"Maintaining contact with lateral thinkers": Constitutional protection for Gauland no yardstick

"Maintain contact with lateral thinkers"
Protection of the Constitution for Gauland no yardstick

The AfD politician Gauland calls on his party to pay less attention to the protection of the constitution and not to shut down movements like Pegida or the lateral thinkers. In doing so, he opposes AfD chairman Meuthen, who has "damaged half of the party".

If the AfD wants to be a real alternative to the established parties, it should, from the point of view of its honorary chairman Alexander Gauland, not conform to the protection of the constitution. "We shouldn't make what the President of the Office for the Protection of the Constitution, Thomas Haldenwang, the yardstick of our actions," said Gauland. "Unfortunately there are some people here who think too strongly in the direction of the protection of the constitution; but you can't be a real opposition like that," said Gauland, who heads the AfD parliamentary group together with Alice Weidel.

According to participants, Haldenwang announced a few days ago at the conference of interior ministers that his authority will probably make a decision in January on the question of a possible suspected observation of the entire AfD party.

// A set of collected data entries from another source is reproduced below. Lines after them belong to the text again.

theorem lemma1:
  fixes R :: "int poly" and r :: "nat \<Rightarrow> int poly" and i0 :: nat
    and a b \<alpha> :: real
  assumes "R \<noteq> 0"
    and "R = (\<Prod>i\<in>{1..degree R}. r i ^ i)"
    and "\<forall>i\<in>{1..degree R}. squarefree (r i)"
    and "\<forall>i\<in>{1..degree R}. \<forall>j\<in>{1..degree R}. i \<noteq> j \<longrightarrow> coprime (r i) (r j)"
    and "a < b"
    and "i0 \<in> {1..degree R}"
    and "\<alpha> \<in> {a<..<b}"
    and "poly (map_poly of_int (r i0)) \<alpha> = 0"
    and "T_test (map_poly of_int (pderiv (r i0))) (3/2) ((a+b)/2) (8 * ((b-a)/2))"
    and "\<forall>i\<in>{1..degree R}. i \<noteq> i0 \<longrightarrow>
           T_test (map_poly of_int (r i)) 1 ((a+b)/2) (8 * ((b-a)/2))"
  shows "cmod (complex_of_real \<alpha> - complex_of_real ((a+b)/2)) < 2 * ((b-a)/2)
       \<and> (\<forall>z::complex. cmod (z - complex_of_real ((a+b)/2)) < 2 * ((b-a)/2)
              \<and> poly (map_poly of_int R) z = 0 \<longrightarrow> z = complex_of_real \<alpha>)
       \<and> (\<forall>z::complex. cmod (z - complex_of_real ((a+b)/2)) = 2 * ((b-a)/2) \<longrightarrow>
              cmod (poly (map_poly of_int R) z)
                > inverse (2 ^ (i0 + degree R))
                  * cmod (poly (map_poly of_int R) (complex_of_real ((a+b)/2 - 2 * ((b-a)/2)))))"
proof -
  define m \<rho> I where "m = (a + b) / 2" and "\<rho> = (b - a) / 2" and "I = {1..degree R}"
  define p where "p i = (map_poly of_int (r i) :: real poly)" for i
  have I: "finite I" "i0 \<in> I" "0 < i0" using assms(6) by (auto simp: I_def)
  have R: "R = (\<Prod>i\<in>I. r i ^ i)" unfolding I_def by (rule assms(2))
  have \<alpha>: "\<bar>\<alpha> - m\<bar> < \<rho>" and \<rho>: "0 < \<rho>"
    using assms(5,7) by (auto simp: m_def \<rho>_def abs_if field_simps)
  have root: "poly (p i0) \<alpha> = 0" using assms(8) by (simp add: p_def)
  have T0: "T_test (pderiv (p i0)) (3/2) m (8 * \<rho>)"
    using assms(9) by (simp add: p_def m_def \<rho>_def pderiv_map_poly_of_int)
  have Ti: "\<forall>i\<in>I - {i0}. T_test (p i) 1 m (8 * \<rho>)"
    using assms(10) by (simp add: p_def m_def \<rho>_def I_def)
  have eval: "poly (map_poly of_int R) z = (\<Prod>i\<in>I. poly (map_poly of_real (p i)) z ^ i)" for z :: complex
    by (simp add: R p_def map_poly_of_int_prod_power poly_prod map_poly_map_poly o_def)
  have "(\<Prod>i\<in>I. r i ^ i) \<noteq> 0" using assms(1) R by simp
  then have "\<forall>i\<in>I. r i \<noteq> 0" by (auto simp: I_def prod_zero_iff)
  then have deg: "degree R = (\<Sum>i\<in>I. i * degree (p i))"
    by (simp add: R degree_prod_power p_def degree_map_poly)
  have "cmod (complex_of_real \<alpha> - of_real m) < 2 * \<rho>"
    using \<alpha> by (simp flip: of_real_diff)
  then show ?thesis
    unfolding m_def[symmetric] \<rho>_def[symmetric] eval deg
    using prod_power_root_in_disc_unique[OF I(1,2) \<alpha> root T0 Ti]
      prod_power_circle_bound[OF I \<rho> \<alpha> root T0 Ti]
    by (auto simp: less_imp_le)
qed

end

So far, only the "wing" founded in 2015 by the Thuringian AfD regional chief Björn Höcke and formally dissolved in the meantime has been observed nationwide as a right-wing extremist movement. The youth organization, the Junge Alternative, is considered a suspected case. The use of informational means is also permitted in a suspected case.

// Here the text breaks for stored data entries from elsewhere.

lemma prod_fun_upd_split:
  fixes y :: "nat \<Rightarrow> real"
  assumes "finite I"
  shows "(\<Prod>i\<in>I. y i) = (1 - y u) * (\<Prod>i\<in>I. (y(u := 0)) i) + y u * (\<Prod>i\<in>I. (y(u := 1)) i)"
proof (cases "u \<in> I")
  case True
  have "(\<Prod>i\<in>I. (y(u := c)) i) = c * (\<Prod>i\<in>I - {u}. y i)" for c
  proof -
    have "(\<Prod>i\<in>I - {u}. (y(u := c)) i) = (\<Prod>i\<in>I - {u}. y i)"
      by (intro prod.cong) auto
    then show ?thesis using True assms by (simp add: prod.remove[of I u])
  qed
  moreover have "(\<Prod>i\<in>I. y i) = y u * (\<Prod>i\<in>I - {u}. y i)"
    using True assms by (simp add: prod.remove)
  ultimately show ?thesis by (simp add: algebra_simps)
next
  case False
  then have "(\<Prod>i\<in>I. (y(u := c)) i) = (\<Prod>i\<in>I. y i)" for c
    by (auto intro: prod.cong)
  then show ?thesis by (simp add: algebra_simps)
qed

He personally has no reservations about the Institute for State Policy founded by Götz Kubitschek in Schnellroda, which is also classified as a suspected case by the Office for the Protection of the Constitution, said Gauland. The institute is considered to be the hinge between various groups of the so-called New Right. "Wing" fans in particular have come and gone there in recent years. "Götz Kubitschek is an intellectual who has nothing to do with the party," said Gauland. Kubitschek assured the parliamentary group leader that there was no danger to the AfD or to society. "He is a friend of Mr. Höcke and calls me from time to time."

When asked about the "lateral thinkers" movement founded by critics of the government's anti-corona measures, Gauland said: "We are a movement that should also maintain contact with certain protest groups. This applies to" lateral thinking ", but also to Pegida in Dresden or for the association Zukunft Heimat from Cottbus. "

"Can't escape observation by the Office for the Protection of the Constitution"

The AfD must always be careful that "some crazy people" do not register events on behalf of the party, he added. "It's always a dance on the rope, where you can't fall down." In September 2018, AfD functionaries marched through Chemnitz on a "funeral march" with neo-Nazis after a German was killed in an argument with refugees in the city.

The comparisons with the final phase of the Weimar Republic, which are occasionally used in the public debate about the AfD and the protection of the constitution, are "historically foolish," said Gauland. All parties in Germany, "even most parts of the Left Party", are firmly committed to the Basic Law. The AfD will nevertheless "not escape observation by the protection of the constitution anyway". Because this authority "has an order to fulfill", speculated the group leader. "We will defend ourselves against this legally and then have success."

Gauland criticized the style of AfD chairman Jörg Meuthen harshly. At the opening of the federal party congress in Kalkar at the end of November, he sharply attacked those party friends "who are only too happy to scamper and roll around" or who, like Gauland, had used terms like "Corona dictatorship". Gauland said that Meuthen "gave a speech with which he damaged half of the party. I still haven't understood why". Since then, however, he has not sought a conversation with the party chairman.

Gauland said that he would have liked to respond to Meuthen's speech in Kalkar, but then had to spend the second day of the party congress in the hospital. His health is gradually getting better. The 79-year-old, who was AfD chairman together with Meuthen from December 2017 to December 2019, accused Meuthen of trying to "push" the new co-chairman Tino Chrupalla aside. He added: "He should actually know from his own painful experience with Frauke Petry that you shouldn't do that."